Romance-baiting scams operate as large, text-based criminal enterprises with Hook-Line-Sinker structures and labor hierarchies. The study integrates insider interviews and a blinded 7-day experiment to evaluate whether LLMs can automate core scam stages and outperform humans in building trust and eliciting compliance, revealing significant automation potential. It also critically assesses current safeguards, showing AI self-disclosure mechanisms and content filters fail to detect or deter such misuse, underscoring an urgent need for long-horizon detection and policy responses. Collectively, the work highlights a substantive risk of scalable, AI-assisted romance-baiting and calls for multifaceted defenses that address both technological and human-rights dimensions.

Abstract

Romance-baiting scams have become a major source of financial and emotional harm worldwide. These operations are run by organized crime syndicates that traffic thousands of people into forced labor, requiring them to build emotional intimacy with victims over weeks of text conversations before pressuring them into fraudulent cryptocurrency investments. Because the scams are inherently text-based, they raise urgent questions about the role of Large Language Models (LLMs) in both current and future automation. We investigate this intersection by interviewing 145 insiders and 5 scam victims, performing a blinded long-term conversation study comparing LLM scam agents to human operators, and executing an evaluation of commercial safety filters. Our findings show that LLMs are already widely deployed within scam organizations, with 87% of scam labor consisting of systematized conversational tasks readily susceptible to automation. In a week-long study, an LLM agent not only elicited greater trust from study participants (p=0.007) but also achieved higher compliance with requests than human operators (46% vs. 18% for humans).
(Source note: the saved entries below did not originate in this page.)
(* Let $\Phi$ be an $(s,d)$-product-sparse formula over the variables $Y\cup Z$, $Y=\{y_1,\dots,y_m\}$, $Z=\{z_1,\dots,z_m\}$, and let $v$ be a node of $\Phi$ with product-sparse depth $d(v)$. If $v$ is $k$-weak, then $\mathrm{maxrank}(M_v)\le 2^{s\cdot d(v)}\cdot|\Phi_v|\cdot 2^{b(v)-k/2}$.
   Context: $\mathbb{F}$ is a field. For $g\in\mathbb{F}[Y,Z]$, $M_g$ has rows indexed by monic multilinear monomials $p$ in $Y$ and columns by monic multilinear monomials $q$ in $Z$, with $M_g(p,q)=G$ iff $g=pq\,G+Q$ uniquely with $G$ containing only variables present in $p,q$ and $Q$ having no monomial divisible by $pq$ that contains only variables present in $p,q$; $\mathrm{maxrank}(M_g)=\max_{S:Y\cup Z\to\mathbb{F}}\mathrm{rank}(M_g|_S)$. $M_v$ denotes $M_g$ for the polynomial $g$ computed at $v$. A formula is a fan-in-2 arithmetic circuit (leaves labelled by variables or constants, internal plus/product gates) whose underlying graph is a tree. $\Phi_v$ is the subformula rooted at $v$ and $|\Phi_v|$ its number of gates; $X_v$ (resp. $Y_v$, $Z_v$) is the set of variables (resp. those in $Y$, in $Z$) appearing in $\Phi_v$. A product gate with children $v_1,v_2$ is disjoint if $X_{v_1}\cap X_{v_2}=\emptyset$ and $s$-sparse if the polynomial computed at one of $v_1,v_2$ has at most $2^s$ monomials. The product-sparse depth of $v$ is the maximum number of non-disjoint product gates on any path from a leaf to $v$. $\Phi$ is $(s,d)$-product-sparse if every product gate is disjoint or $s$-sparse, and $d$ is the product-sparse depth of the root. Let $a(v)=\min\{|Y_v|,|Z_v|\}$ and $b(v)=(|Y_v|+|Z_v|)/2$. A node $v$ is $k$-unbalanced if $b(v)-a(v)\ge k$. A simple path $\gamma$ from a leaf to $v$ is $k$-unbalanced if it contains a $k$-unbalanced node, and central if for every edge from $u_1$ to $u$ on $\gamma$, $b(u)\le 2b(u_1)$. A node $v$ is $k$-weak if every central path reaching $v$ is $k$-unbalanced. *)

theory Defs
  imports "HOL-Library.Poly_Mapping" "Jordan_Normal_Form.DL_Rank"
begin
(* Let $G=(V,E)$ be a finite perfect graph with vertex cost function $w:V\to\mathbb{Q}_+$. Then the core of the investment management game on $G$ (defined in the context) is non-empty.
   Context: A graph $G$ is perfect if for every $S\subseteq V$ the induced subgraph $G(S)$ satisfies $\omega(G(S))=\chi(G(S))$ (clique number equals chromatic number). A stable (independent) set is a set of pairwise non-adjacent vertices. The investment management game on $G$ with costs $w$: let $\mathcal{M}$ be the set of maximal cliques of $G$ (the investment firms). For $S\subseteq V$ (a scenario), $\mathrm{cost}(S)$ is the maximum of $\sum_{v\in I} w_v$ over stable sets $I$ of the induced subgraph $G(S)$, and $T=\mathrm{cost}(V)$. An imputation is a function $y:\mathcal{M}\to\mathbb{Q}_+$ with $\sum_{Q\in\mathcal{M}} y_Q=T$; for a scenario $S$, $\mathrm{money}(S)=\sum_{Q\in\mathcal{M}:\, Q\cap S\neq\emptyset} y_Q$. The core is the set of imputations $y$ with $\mathrm{money}(S)\ge\mathrm{cost}(S)$ for all $S\subseteq V$. *)

theory Defs
  imports Complex_Main
begin

definition simple_graph :: "'a set \<Rightarrow> ('a \<Rightarrow> 'a \<Rightarrow> bool) \<Rightarrow> bool" where
  "simple_graph V E \<longleftrightarrow> finite V \<and> (\<forall>u\<in>V. \<forall>v\<in>V. E u v \<longleftrightarrow> E v u) \<and> (\<forall>v\<in>V. \<not> E v v)"

definition clique :: "('a \<Rightarrow> 'a \<Rightarrow> bool) \<Rightarrow> 'a set \<Rightarrow> 'a set \<Rightarrow> bool" where
  "clique E S Q \<longleftrightarrow> Q \<subseteq> S \<and> (\<forall>u\<in>Q. \<forall>v\<in>Q. u \<noteq> v \<longrightarrow> E u v)"

definition stable_set :: "('a \<Rightarrow> 'a \<Rightarrow> bool) \<Rightarrow> 'a set \<Rightarrow> 'a set \<Rightarrow> bool" where
  "stable_set E S I \<longleftrightarrow> I \<subseteq> S \<and> (\<forall>u\<in>I. \<forall>v\<in>I. u \<noteq> v \<longrightarrow> \<not> E u v)"

definition clique_number :: "('a \<Rightarrow> 'a \<Rightarrow> bool) \<Rightarrow> 'a set \<Rightarrow> nat" where
  "clique_number E S = Max (card ` {Q. clique E S Q})"

definition proper_colouring :: "('a \<Rightarrow> 'a \<Rightarrow> bool) \<Rightarrow> 'a set \<Rightarrow> nat \<Rightarrow> ('a \<Rightarrow> nat) \<Rightarrow> bool" where
  "proper_colouring E S k c \<longleftrightarrow> (\<forall>v\<in>S. c v < k) \<and> (\<forall>u\<in>S. \<forall>v\<in>S. E u v \<longrightarrow> c u \<noteq> c v)"

definition chromatic_number :: "('a \<Rightarrow> 'a \<Rightarrow> bool) \<Rightarrow> 'a set \<Rightarrow> nat" where
  "chromatic_number E S = (LEAST k. \<exists>c. proper_colouring E S k c)"

definition perfect :: "'a set \<Rightarrow> ('a \<Rightarrow> 'a \<Rightarrow> bool) \<Rightarrow> bool" where
  "perfect V E \<longleftrightarrow> (\<forall>S\<subseteq>V. clique_number E S = chromatic_number E S)"

definition maximal_cliques :: "'a set \<Rightarrow> ('a \<Rightarrow> 'a \<Rightarrow> bool) \<Rightarrow> 'a set set" where
  "maximal_cliques V E = {Q. clique E V Q \<and> (\<forall>Q'. clique E V Q' \<and> Q \<subseteq> Q' \<longrightarrow> Q' = Q)}"

definition cost :: "('a \<Rightarrow> 'a \<Rightarrow> bool) \<Rightarrow> ('a \<Rightarrow> rat) \<Rightarrow> 'a set \<Rightarrow> rat" where
  "cost E w S = Max ((\<lambda>I. \<Sum>v\<in>I. w v) ` {I. stable_set E S I})"

definition money :: "'a set \<Rightarrow> ('a \<Rightarrow> 'a \<Rightarrow> bool) \<Rightarrow> ('a set \<Rightarrow> rat) \<Rightarrow> 'a set \<Rightarrow> rat" where
  "money V E y S = (\<Sum>Q\<in>{Q\<in>maximal_cliques V E. Q \<inter> S \<noteq> {}}. y Q)"

definition imputation :: "'a set \<Rightarrow> ('a \<Rightarrow> 'a \<Rightarrow> bool) \<Rightarrow> ('a \<Rightarrow> rat) \<Rightarrow> ('a set \<Rightarrow> rat) \<Rightarrow> bool" where
  "imputation V E w y \<longleftrightarrow> (\<forall>Q\<in>maximal_cliques V E. y Q \<ge> 0)
     \<and> (\<Sum>Q\<in>maximal_cliques V E. y Q) = cost E w V"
Meanwhile, popular safety filters detected 0.0% of romance baiting dialogues. Together, these results suggest that romance-baiting scams may be amenable to full-scale LLM automation, while existing defenses remain inadequate to prevent their expansion.

Paper Structure

This paper contains 37 sections, 6 figures, 4 tables.

Figures (6)

  • Figure 1: The three stages of a romance-baiting scam which we refer to as Hook, Line and Sinker. The illustration is depicted using genuine messages obtained from our interviewed victims. Our investigation explores how much of these scams are and will be automated using LLMs.
  • Figure 2: The romance-baiting life-cycle. The Hook stage involves mass messaging and early filtering. The Line stage builds trust and a persona of success, often with multiple operators. The Sinker stage pressures victims into investing in fraudulent platforms, leading to major losses.
  • Figure 3: LLM agent designed for our study. At the start of each day, a new dialogue prompt is created with the persona, instructions, daily agenda and a condensed dialogue history including the last 20 chats (top right). During the day the Dialogue module responds to incoming messages, decides whether to add an emoji, and generates a response using the dialogue prompt (top right). The response passes through a Humanization Pipeline that makes the response more naturalistic. After long periods of silence, the Re-engagement module tries to initiate up new conversation but only when contextually warranted. At the start of each day, the Maintenance module summarizes chats, archives history, and loads the next agenda. The icons indicate LLM calls.
  • Figure 4: Comparison of trust scores between LLM and Human partners. The numbers in red indicate the p-values and effect sizes (r) from paired t-tests comparing trust scores
  • Figure 5: Distribution of trust scores comparing baseline Interpersonal Trust with 'Overall Trust' towards human and LLM partners.